After all, he was pathetic. Broken.
Ice cream incompetent, even.
He’d bypassed all the basic cloud metaphors and gone straight to cat four hurricane status. His brain was now buffeted by wind.
His deepest, darkest fear surfaced under the onslaught of the gale. He’d told her what to do, and she’d obeyed because he’d paid her. Was he any different from Parks? Was he, in fact, her Parks?
“Chase?” Her voice came from the end of the hall.
“Yeah?”
“I need your help. Come into my room.”
He strode down the short hall, his heart pounding as he approached the eye of the storm. He paused before the door, then took a deep breath and pushed it open.
There before him was Eden, lying on top of the king-sized bed, wearing a sheer purple teddy—one he’d never seen before—with both of her hands bound to the headboard in padded, matching purple wrist cuffs.

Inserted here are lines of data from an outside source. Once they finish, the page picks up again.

lemma spin_raise_apply: "(spin_raise *v v) $ a = (\<Sum>k\<in>{k. \<not> a k}. v $ flip_qubit k a)"
proof -
  have "(spin_raise *v v) $ a
      = (\<Sum>k\<in>UNIV. \<Sum>b\<in>UNIV. (if b = flip_qubit k a \<and> \<not> a k then 1 else 0) * v $ b)"
    unfolding spin_raise_def matrix_vector_mult_def vec_lambda_beta sum_distrib_right
    by (rule sum.swap)
  then show ?thesis by (simp only: sum_delta_flip_qubit) (simp add: sum.If_cases Int_def)
qed

lemma spin_lower_apply: "(spin_lower *v v) $ a = (\<Sum>k\<in>{k. a k}. v $ flip_qubit k a)"
proof -
  have "(spin_lower *v v) $ a
      = (\<Sum>k\<in>UNIV. \<Sum>b\<in>UNIV. (if b = flip_qubit k a \<and> a k then 1 else 0) * v $ b)"
    unfolding spin_lower_def matrix_vector_mult_def vec_lambda_beta sum_distrib_right
    by (rule sum.swap)
  then show ?thesis by (simp only: sum_delta_flip_qubit) (simp add: sum.If_cases Int_def)
qed

lemma sigma_x_apply: "(sigma_x k *v v) $ a = v $ flip_qubit k a"
  unfolding sigma_x_def matrix_vector_mult_def flip_qubit_def[symmetric]
  by (simp only: vec_lambda_beta sum_delta_mult) simp

lemma sigma_y_apply: "(sigma_y k *v v) $ a = (if a k then \<i> else - \<i>) * v $ flip_qubit k a"
  unfolding sigma_y_def matrix_vector_mult_def flip_qubit_def[symmetric]
  by (simp only: vec_lambda_beta sum_delta_mult)

lemma sigma_z_apply: "(sigma_z k *v v) $ a = (if a k then -1 else 1) * v $ a"
  unfolding sigma_z_def matrix_vector_mult_def by (simp only: vec_lambda_beta sum_delta_mult)

lemma spin_x_eq: "spin_x *v v = (1/2) *s (spin_raise *v v + spin_lower *v v)"
  unfolding vec_eq_iff spin_x_def smult_mat_vector_mult sum_matrix_vector_mult
  by (simp add: sum_component sigma_x_apply spin_raise_apply spin_lower_apply
      sum_UNIV_split[of _ "\<lambda>k. _ k"] add.commute)

lemma spin_y_eq: "spin_y *v v = (\<i>/2) *s (spin_lower *v v - spin_raise *v v)"
proof -
  have "(\<Sum>k\<in>UNIV. (sigma_y k *v v) $ a)
      = (\<Sum>k\<in>{k. a k}. \<i> * v $ flip_qubit k a) + (\<Sum>k\<in>{k. \<not> a k}. - \<i> * v $ flip_qubit k a)" for a
    unfolding sigma_y_apply by (subst sum_UNIV_split[of _ a]) (intro arg_cong2[where f="(+)"] sum.cong; simp)
  then show ?thesis
    unfolding vec_eq_iff spin_y_def smult_mat_vector_mult sum_matrix_vector_mult
    by (simp add: sum_component spin_raise_apply spin_lower_apply sum_negf
        sum_distrib_left[symmetric] algebra_simps)
qed

lemma spin_z_apply: "(spin_z *v v) $ a = complex_of_real (magnetization a) * v $ a"
proof -
  have "(\<Sum>k\<in>UNIV. if a k then -1 else 1) = complex_of_real (2 * magnetization a)"
  proof -
    have "(\<Sum>k\<in>UNIV. if a k then -1 else (1::complex))
        = of_nat (card {k. \<not> a k}) - of_nat (card {k. a k})"
      by (subst sum_UNIV_split[of _ a]) simp
    also have "\<dots> = complex_of_real (real (card {k. \<not> a k}) - real (card {k. a k}))"
      by simp
    also have "\<dots> = complex_of_real (2 * magnetization a)"
      by (simp add: card_false_qubits popcount_def)
    finally show ?thesis .
  qed
  then show ?thesis
    unfolding spin_z_def smult_mat_vector_mult sum_matrix_vector_mult
    by (simp add: sum_component sigma_z_apply sum_distrib_right[symmetric])
qed

lemma spin_z_raise_commute:
  "spin_z *v (spin_raise *v v) = spin_raise *v (spin_z *v v) + spin_raise *v v"
  by (simp add: vec_eq_iff spin_z_apply spin_raise_apply sum_distrib_left
      magnetization_flip_qubit_false sum.distrib[symmetric] algebra_simps)

lemma spin_z_lower_commute:
  "spin_z *v (spin_lower *v v) = spin_lower *v (spin_z *v v) - spin_lower *v v"
  by (simp add: vec_eq_iff spin_z_apply spin_lower_apply sum_distrib_left
      magnetization_flip_qubit_true sum_subtractf[symmetric] algebra_simps)

lemma spin_raise_lower_commute:
  "spin_raise *v (spin_lower *v v) = spin_lower *v (spin_raise *v v) + 2 *s (spin_z *v v)"
proof -
  have "(spin_raise *v (spin_lower *v v)) $ a
      = (spin_lower *v (spin_raise *v v)) $ a + 2 * (spin_z *v v) $ a" for a
  proof -
    let ?F = "{l. \<not> a l}" and ?T = "{l. a l}"
    let ?flips = "\<lambda>A B. \<Sum>k\<in>A. \<Sum>l\<in>B. v $ flip_qubit l (flip_qubit k a)"
    \<comment> \<open>the terms flipping two distinct bits cancel; flipping a bit back leaves \<open>v $ a\<close>\<close>
    have "(spin_raise *v (spin_lower *v v)) $ a = (\<Sum>k\<in>?F. v $ a + (\<Sum>l\<in>?T. v $ flip_qubit l (flip_qubit k a)))"
      unfolding spin_raise_apply spin_lower_apply by (intro sum.cong refl) (simp add: set_flip_qubit_false)
    then have raise_lower: "(spin_raise *v (spin_lower *v v)) $ a = of_nat (card ?F) * v $ a + ?flips ?F ?T"
      by (simp add: sum.distrib)
    have "(spin_lower *v (spin_raise *v v)) $ a = (\<Sum>k\<in>?T. v $ a + (\<Sum>l\<in>?F. v $ flip_qubit l (flip_qubit k a)))"
      unfolding spin_raise_apply spin_lower_apply by (intro sum.cong refl) (simp add: set_not_flip_qubit_true)
    then have lower_raise: "(spin_lower *v (spin_raise *v v)) $ a = of_nat (card ?T) * v $ a + ?flips ?T ?F"
      by (simp add: sum.distrib)
    have "?flips ?F ?T = ?flips ?T ?F"
      by (subst sum.swap) (simp add: flip_qubit_commute)
    moreover have "real (card ?F) = real (card ?T) + 2 * magnetization a"
      unfolding card_false_qubits popcount_def ..
    then have "(of_nat (card ?F) :: complex) = of_nat (card ?T) + 2 * complex_of_real (magnetization a)"
      by (metis of_real_add of_real_mult of_real_numeral of_real_of_nat_eq)
    ultimately show ?thesis
      unfolding raise_lower lower_raise spin_z_apply by (simp add: algebra_simps)
  qed
  then show ?thesis by (simp add: vec_eq_iff)
qed

lemma total_spin_sq_eq:
  "total_spin_sq *v v = spin_lower *v (spin_raise *v v) + spin_z *v (spin_z *v v) + spin_z *v v"
proof -
  let ?R = "\<lambda>v. spin_raise *v v" and ?L = "\<lambda>v. spin_lower *v v"
  have "total_spin_sq *v v = spin_x *v (spin_x *v v) + spin_y *v (spin_y *v v) + spin_z *v (spin_z *v v)"
    by (simp add: total_spin_sq_def matrix_vector_mult_add_rdistrib matrix_vector_mul_assoc)
  also have "\<dots> = (1/4) *s (?R (?R v) + ?R (?L v) + ?L (?R v) + ?L (?L v))
      - (1/4) *s (?L (?L v) - ?L (?R v) - ?R (?L v) + ?R (?R v)) + spin_z *v (spin_z *v v)"
    unfolding spin_x_eq spin_y_eq
    by (simp add: vector_scalar_commute matrix_vector_right_distrib matrix_vector_mult_diff_distrib
        vec_eq_iff algebra_simps)
  also have "\<dots> = ?L (?R v) + spin_z *v (spin_z *v v) + spin_z *v v"
    unfolding spin_raise_lower_commute by (simp add: vec_eq_iff algebra_simps)
  finally show ?thesis .
qed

“I seem to have found myself tied up. Can you help me?”
Chapter Twenty-Two
The look on Chase’s face made the hurry and difficulty she’d had in cuffing herself after resetting the alarm worth it. Thankfully, the cuffs had clips she was able to lock in one-handed, but it hadn’t been easy, and she’d had to take a moment to catch her breath and prepare herself before calling him into the room.
And now he stood in her doorway, eyes wide with surprise as his gaze traveled over her body. His gaze returned to her face, and the heat was unmistakable. Which was good, because if this didn’t turn him on, she doubted anything would.
“B-but this is j-j-just a meeting with food.”
She raised a brow. “A meeting with food?”
His eyes narrowed as if he were focusing inward. When he spoke, he didn’t bother with the whisper, but his words were clear. “This was supposed to be a meeting. Not a date.”
“What if I said I want it to be a date?”
Studying his face as she was, she caught the exact moment when he realized she was echoing his own words from the other night back to him. But still, the confusion remained in his eyes.
“But—you—I…” His nostrils flared as his gaze roamed her body. “I screwed up. And you were rightfully hurt. And angry.”
“Those are both true. But the way I see it, there are more truths for us to explore. One is that there was no way for you to tell me the first night we met that you’d recognized me. Not without revealing me to Tony, which I didn’t want. And definitely not when we were alone in the car together, because I probably would have panicked.”
He nodded. “And then when I went online, you said you wanted to fuck me. Me. And there was no way I could bow out of that private session. Or ruin it by telling you who I was.”
She licked her lips. She wore just light gloss and makeup. Tonight, she was Eden. “What did it do to you, to hear me talk about how I wanted to take you to a hotel room and have my way with you?”
He stepped into the room, stopping at the foot of the bed. “It was the most erotic moment of my life. Until this one.”
“Do you like this? Me tied up?”
“Very much.”
She’d suspected as much. He liked to be in control. It probably had to do with the abuse he’d suffered. With the cuffs, he was assured she wouldn’t touch him unless he wanted to be touched.
The bondage set was for sexual play, and she could get out of it easily if she wanted to. But it gave her limits. A reminder to keep her hands to herself until he was ready.
Plus, it would be fun. She liked the way he played.
She nodded toward the padded cuffs at the foot of the bed. They were two ends of a long strap that went between the box spring and mattress because the bed didn’t have a footboard to hook the straps to. “If you want to cuff my ankles, keeping my legs open for you, you can.” She spread her legs as she spoke, so he’d see the position she’d be in.
She’d exposed herself like this—not with the bondage toys, but still offering her body to men she couldn’t see—hundreds of times online. Even so, her heart pounded as she offered herself up for real for the first time.